Charles's cruel youth amounts - as Dimbleby presents it - to a dour public school, a father who was a bit of a bastard, and a mother who was away a lot reigning. William's, however, encompasses the most public marriage breakdown in the history of the world, a mother who tried to commit suicide, and a father who, in his obvious unhappiness, may not have been the perfect advertisement for the job of heir to the throne.

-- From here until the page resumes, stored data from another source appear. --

(* Let $G=KB(H)$ for some triangle-free graph $H$. If $I$ is an independent set of $G$ with $|I|=n\ge 3$ such that $\left|\bigcap_{v\in I}N_G(v)\right|\ge 3$, then $\left|\bigcup_{v\in I}N_G(v)\right|>n$.
   Context: All graphs are finite and simple. A biclique of a graph $H$ is a set $P\subseteq V(H)$ such that the induced subgraph $H[P]$ is a complete bipartite graph with both parts nonempty, and $P$ is inclusion-maximal with this property. The biclique graph $KB(H)$ has the set of bicliques of $H$ as vertex set, two distinct bicliques being adjacent iff they intersect. $N_G(v)$ denotes the (open) neighbourhood of $v$ in $G$. *)

theory Defs
  imports Main
begin

definition simple_graph :: "'a set \<Rightarrow> ('a \<Rightarrow> 'a \<Rightarrow> bool) \<Rightarrow> bool" where
  "simple_graph V E \<longleftrightarrow> finite V \<and> (\<forall>x y. E x y \<longrightarrow> x \<in> V \<and> y \<in> V)
     \<and> (\<forall>x y. E x y \<longrightarrow> E y x) \<and> (\<forall>x. \<not> E x x)"

definition triangle_free :: "'a set \<Rightarrow> ('a \<Rightarrow> 'a \<Rightarrow> bool) \<Rightarrow> bool" where
  "triangle_free V E \<longleftrightarrow> \<not> (\<exists>x\<in>V. \<exists>y\<in>V. \<exists>z\<in>V. E x y \<and> E y z \<and> E x z)"

definition complete_bipartite_set :: "'a set \<Rightarrow> ('a \<Rightarrow> 'a \<Rightarrow> bool) \<Rightarrow> 'a set \<Rightarrow> bool" where
  "complete_bipartite_set V E P \<longleftrightarrow> P \<subseteq> V \<and>
     (\<exists>A B. A \<noteq> {} \<and> B \<noteq> {} \<and> A \<inter> B = {} \<and> A \<union> B = P
        \<and> (\<forall>a\<in>A. \<forall>b\<in>B. E a b)
        \<and> (\<forall>a\<in>A. \<forall>a'\<in>A. \<not> E a a')
        \<and> (\<forall>b\<in>B. \<forall>b'\<in>B. \<not> E b b'))"

definition biclique :: "'a set \<Rightarrow> ('a \<Rightarrow> 'a \<Rightarrow> bool) \<Rightarrow> 'a set \<Rightarrow> bool" where
  "biclique V E P \<longleftrightarrow> complete_bipartite_set V E P \<and>
     (\<forall>Q. complete_bipartite_set V E Q \<and> P \<subseteq> Q \<longrightarrow> Q = P)"

definition KB_vertices :: "'a set \<Rightarrow> ('a \<Rightarrow> 'a \<Rightarrow> bool) \<Rightarrow> 'a set set" where
  "KB_vertices V E = {P. biclique V E P}"

definition KB_adj :: "'a set \<Rightarrow> ('a \<Rightarrow> 'a \<Rightarrow> bool) \<Rightarrow> 'a set \<Rightarrow> 'a set \<Rightarrow> bool" where
  "KB_adj V E P Q \<longleftrightarrow> biclique V E P \<and> biclique V E Q \<and> P \<noteq> Q \<and> P \<inter> Q \<noteq> {}"

definition nbhd :: "'b set \<Rightarrow> ('b \<Rightarrow> 'b \<Rightarrow> bool) \<Rightarrow> 'b \<Rightarrow> 'b set" where
  "nbhd W R v = {u \<in> W. R v u}"

definition independent_set :: "'b set \<Rightarrow> ('b \<Rightarrow> 'b \<Rightarrow> bool) \<Rightarrow> 'b set \<Rightarrow> bool" where
  "independent_set W R I \<longleftrightarrow> I \<subseteq> W \<and> (\<forall>u\<in>I. \<forall>v\<in>I. \<not> R u v)"

end

theory Submission
  imports Defs
begin

text \<open>In a triangle-free graph, a vertex v with a neighbour spans the biclique
  star v = N(v) \<union> {x. N(v) \<subseteq> N(x)}, and every biclique P containing v satisfies
  star v - P \<subseteq> N(v); hence vertices of disjoint bicliques have distinct stars.
  Let W be a common KB-neighbour of the pairwise disjoint bicliques in I. If every P in I
  has a vertex whose star is neither P nor W, these stars together with W are n + 1
  distinct KB-neighbours of I. Otherwise some P in I has only the stars P and W, the latter
  being the star of some u in P. For three distinct common neighbours W these vertices u
  lie in distinct members of I and are pairwise adjacent, which is a triangle.\<close>

definition common_nbhd :: "'a set \<Rightarrow> ('a \<Rightarrow> 'a \<Rightarrow> bool) \<Rightarrow> 'a set \<Rightarrow> 'a set" where
  "common_nbhd V E S = {x \<in> V. \<forall>y\<in>S. E x y}"

definition star :: "'a set \<Rightarrow> ('a \<Rightarrow> 'a \<Rightarrow> bool) \<Rightarrow> 'a \<Rightarrow> 'a set" where
  "star V E v = nbhd V E v \<union> common_nbhd V E (nbhd V E v)"

abbreviation KB_nbhd :: "'a set \<Rightarrow> ('a \<Rightarrow> 'a \<Rightarrow> bool) \<Rightarrow> 'a set \<Rightarrow> 'a set set" where
  "KB_nbhd V E P \<equiv> nbhd (KB_vertices V E) (KB_adj V E) P"

lemma complete_bipartite_setI:
  assumes "A \<noteq> {}" "B \<noteq> {}" "A \<inter> B = {}" "A \<union> B \<subseteq> V"
    "\<forall>a\<in>A. \<forall>b\<in>B. E a b" "\<forall>a\<in>A. \<forall>a'\<in>A. \<not> E a a'" "\<forall>b\<in>B. \<forall>b'\<in>B. \<not> E b b'"
  shows "complete_bipartite_set V E (A \<union> B)"
  using assms unfolding complete_bipartite_set_def by blast

lemma biclique_subset: "biclique V E P \<Longrightarrow> P \<subseteq> V"
  unfolding biclique_def complete_bipartite_set_def by blast

lemma biclique_maximal:
  "biclique V E P \<Longrightarrow> complete_bipartite_set V E Q \<Longrightarrow> P \<subseteq> Q \<Longrightarrow> Q = P"
  unfolding biclique_def by blast

lemma KB_nbhd_iff: "Q \<in> KB_nbhd V E P \<longleftrightarrow> KB_adj V E P Q"
  unfolding nbhd_def KB_vertices_def KB_adj_def by blast

lemma finite_KB_vertices: "finite V \<Longrightarrow> finite (KB_vertices V E)"
  by (rule finite_subset[of _ "Pow V"]) (auto simp: KB_vertices_def dest: biclique_subset)

locale triangle_free_graph =
  fixes V :: "'a set" and E :: "'a \<Rightarrow> 'a \<Rightarrow> bool"
  assumes simple: "simple_graph V E" and triangle_free: "triangle_free V E"
begin

lemma edge_vertices: "E x y \<Longrightarrow> x \<in> V \<and> y \<in> V"
  using simple unfolding simple_graph_def by blast

lemma edge_sym: "E x y \<Longrightarrow> E y x"
  using simple unfolding simple_graph_def by blast

lemma no_loop: "\<not> E x x"
  using simple unfolding simple_graph_def by blast

lemma no_triangle: "E x y \<Longrightarrow> E y z \<Longrightarrow> E x z \<Longrightarrow> False"
  using triangle_free edge_vertices unfolding triangle_free_def by blast

lemma complete_bipartite_setE:
  assumes "complete_bipartite_set V E Q" "v \<in> Q"
  obtains A B where "A \<noteq> {}" "B \<noteq> {}" "A \<inter> B = {}" "A \<union> B = Q" "v \<in> A"
    "\<forall>a\<in>A. \<forall>b\<in>B. E a b" "\<forall>a\<in>A. \<forall>a'\<in>A. \<not> E a a'" "\<forall>b\<in>B. \<forall>b'\<in>B. \<not> E b b'"
proof -
  from assms(1) obtain A B where AB: "A \<noteq> {}" "B \<noteq> {}" "A \<inter> B = {}" "A \<union> B = Q"
    "\<forall>a\<in>A. \<forall>b\<in>B. E a b" "\<forall>a\<in>A. \<forall>a'\<in>A. \<not> E a a'" "\<forall>b\<in>B. \<forall>b'\<in>B. \<not> E b b'"
    unfolding complete_bipartite_set_def by blast
  show thesis
  proof (cases "v \<in> A")
    case True
    then show thesis using AB that by blast
  next
    case False
    then have "v \<in> B" using AB(4) assms(2) by blast
    moreover have "\<forall>b\<in>B. \<forall>a\<in>A. E b a"
      using AB(5) edge_sym by blast
    ultimately show thesis
      using AB that[of B A] by blast
  qed
qed

lemma biclique_contains_common_nbhd:
  assumes P: "biclique V E P" and v: "v \<in> P"
  shows "common_nbhd V E (nbhd V E v) \<subseteq> P"
proof
  obtain A B where AB: "A \<noteq> {}" "B \<noteq> {}" "A \<inter> B = {}" "A \<union> B = P" "v \<in> A"
    "\<forall>a\<in>A. \<forall>b\<in>B. E a b" "\<forall>a\<in>A. \<forall>a'\<in>A. \<not> E a a'" "\<forall>b\<in>B. \<forall>b'\<in>B. \<not> E b b'"
    using P v unfolding biclique_def by (elim conjE complete_bipartite_setE)
  fix x assume x: "x \<in> common_nbhd V E (nbhd V E v)"
  have "B \<subseteq> nbhd V E v"
    using AB biclique_subset[OF P] unfolding nbhd_def by blast
  then have xB: "\<forall>b\<in>B. E x b" and "x \<in> V"
    using x unfolding common_nbhd_def by auto
  obtain b where b: "b \<in> B"
    using AB(2) by blast
  have x_A: "\<not> E x a" "\<not> E a x" if "a \<in> A" for a
  proof -
    have "E a b" "E x b"
      using AB(6) that xB b by auto
    then show "\<not> E x a"
      using no_triangle by blast
    then show "\<not> E a x"
      using edge_sym by blast
  qed
  have "x \<notin> B"
    using xB no_loop by blast
  then have "complete_bipartite_set V E (insert x A \<union> B)"
    using AB xB x_A \<open>x \<in> V\<close> biclique_subset[OF P] no_loop
    by (intro complete_bipartite_setI) blast+
  then have "insert x P = P"
    using biclique_maximal[OF P] AB(4) by auto
  then show "x \<in> P" by blast
qed

lemma biclique_has_neighbour:
  assumes "biclique V E P" "v \<in> P"
  obtains w where "w \<in> P" "E v w"
proof -
  obtain A B where "B \<noteq> {}" "A \<union> B = P" "v \<in> A" "\<forall>a\<in>A. \<forall>b\<in>B. E a b"
    using assms unfolding biclique_def by (elim conjE complete_bipartite_setE)
  then show thesis
    using that by blast
qed

lemma self_in_star: "v \<in> V \<Longrightarrow> v \<in> star V E v"
  unfolding star_def common_nbhd_def nbhd_def by auto

lemma nbhd_subset_star: "nbhd V E v \<subseteq> star V E v"
  unfolding star_def by blast

lemma star_subset_nbhd_of_biclique:
  "biclique V E P \<Longrightarrow> v \<in> P \<Longrightarrow> star V E v - P \<subseteq> nbhd V E v"
  using biclique_contains_common_nbhd unfolding star_def by blast

lemma star_biclique:
  assumes v: "v \<in> V" and ne: "nbhd V E v \<noteq> {}"
  shows "biclique V E (star V E v)"
  unfolding biclique_def
proof (intro conjI allI impI)
  let ?N = "nbhd V E v" and ?C = "common_nbhd V E (nbhd V E v)"
  have "\<not> E a a'" if "a \<in> ?C" "a' \<in> ?C" for a a'
    using that ne no_triangle edge_sym unfolding common_nbhd_def by blast
  moreover have "\<not> E b b'" if "b \<in> ?N" "b' \<in> ?N" for b b'
    using that no_triangle unfolding nbhd_def by blast
  moreover have "v \<in> ?C" "?C \<inter> ?N = {}"
    using v no_loop edge_sym unfolding common_nbhd_def nbhd_def by auto
  moreover have "?C \<union> ?N \<subseteq> V" "\<forall>a\<in>?C. \<forall>b\<in>?N. E a b"
    unfolding common_nbhd_def nbhd_def by auto
  ultimately have "complete_bipartite_set V E (?C \<union> ?N)"
    using ne by (intro complete_bipartite_setI) blast+
  then show star_cb: "complete_bipartite_set V E (star V E v)"
    unfolding star_def by (simp add: Un_commute)
  fix Q assume Q: "complete_bipartite_set V E Q \<and> star V E v \<subseteq> Q"
  moreover have "v \<in> Q"
    using Q self_in_star[OF v] by blast
  ultimately obtain C D where CD: "C \<inter> D = {}" "C \<union> D = Q" "v \<in> C"
    "\<forall>a\<in>C. \<forall>b\<in>D. E a b" "\<forall>a\<in>C. \<forall>a'\<in>C. \<not> E a a'"
    by (elim conjE complete_bipartite_setE)
  have QV: "Q \<subseteq> V"
    using Q unfolding complete_bipartite_set_def by blast
  have "?N \<subseteq> Q"
    using Q nbhd_subset_star by blast
  then have "D = ?N"
    using CD QV unfolding nbhd_def by blast
  then have "C \<subseteq> ?C"
    using CD QV unfolding common_nbhd_def by blast
  then show "Q = star V E v"
    using Q CD \<open>D = ?N\<close> unfolding star_def by blast
qed

lemma star_in_KB_nbhd:
  assumes P: "biclique V E P" and v: "v \<in> P" and "star V E v \<noteq> P"
  shows "star V E v \<in> KB_nbhd V E P"
proof -
  have "v \<in> V"
    using P v biclique_subset by blast
  moreover obtain w where "E v w"
    using biclique_has_neighbour[OF P v] by blast
  ultimately have "biclique V E (star V E v)" and "v \<in> star V E v"
    using star_biclique self_in_star edge_vertices unfolding nbhd_def by blast+
  then show ?thesis
    using assms unfolding KB_nbhd_iff KB_adj_def by blast
qed

lemma star_neq_if_disjoint:
  assumes P: "biclique V E P" and Q: "biclique V E Q" and "P \<inter> Q = {}"
    and u: "u \<in> P" and v: "v \<in> Q"
  shows "star V E u \<noteq> star V E v"
proof
  assume eq: "star V E u = star V E v"
  obtain w where w: "w \<in> Q" "E v w"
    using biclique_has_neighbour[OF Q v] by blast
  have "v \<in> star V E u" "w \<in> star V E u"
    using eq self_in_star nbhd_subset_star biclique_subset[OF Q] v w
    unfolding nbhd_def by blast+
  then have "v \<in> nbhd V E u" "w \<in> nbhd V E u"
    using star_subset_nbhd_of_biclique[OF P u] \<open>P \<inter> Q = {}\<close> v w by blast+
  then show False
    using no_triangle w(2) unfolding nbhd_def by blast
qed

The best hope for Royalists is probably that the Wales family follows the pattern of the one in the sitcom Absolutely Fabulous, where the child has rebelled against her parents by being serious and mature.

Loyal subjects of the Crown may choose to ignore these possibilities - to assume that Prince William will emerge undamaged from the palace of horrors.

Yet even if he were to, and the British throne were to survive until he was ready to ascend to it, has it never occurred to the adherents of this 12-year-old that he may not, when older, want the job? There is a passage in Andrew Morton's Diana: Her True Story, now recognised as authoritative, which aims to be heart-warming but is actually chilling: 'William and Harry . . . are now aware of their destiny. On one occasion, the boys were discussing their futures with Diana. 'When I grow up I want to be a policeman and look after you mummy,' said William lovingly. Quick as a flash Harry replied, with a note of triumph in his voice, 'Oh no, you can't, you've got to be king.' '

Morton presents this as an anecdote about the kid who would be king being 'aware of his destiny', but, in fact, if read closely, it's a story about a little boy who wants to be a policeman when he grows up, and is already aware of the suffering in his parents' marriage. And I would guess that the reason little Harry sounded 'triumphant' was that the sense of his comment was: 'You've got to be king.'

That was two years ago, and the time since then has provided the boys with an even worse commercial for the Royal life. Liking to refer to themselves as 'The Firm', the Windsors should be aware that many family firms have collapsed because the sons simply did not want to be accountants, or builders, or farmers, or, in this case, kings. Realising in his teenage years that he is surrounded by emotional head-cases of various kinds - followed, as his sex and drinking life begins, by a press more intrusive than anything his father suffered - Prince William might understandably decide to go back-packing in Nepal and not come back.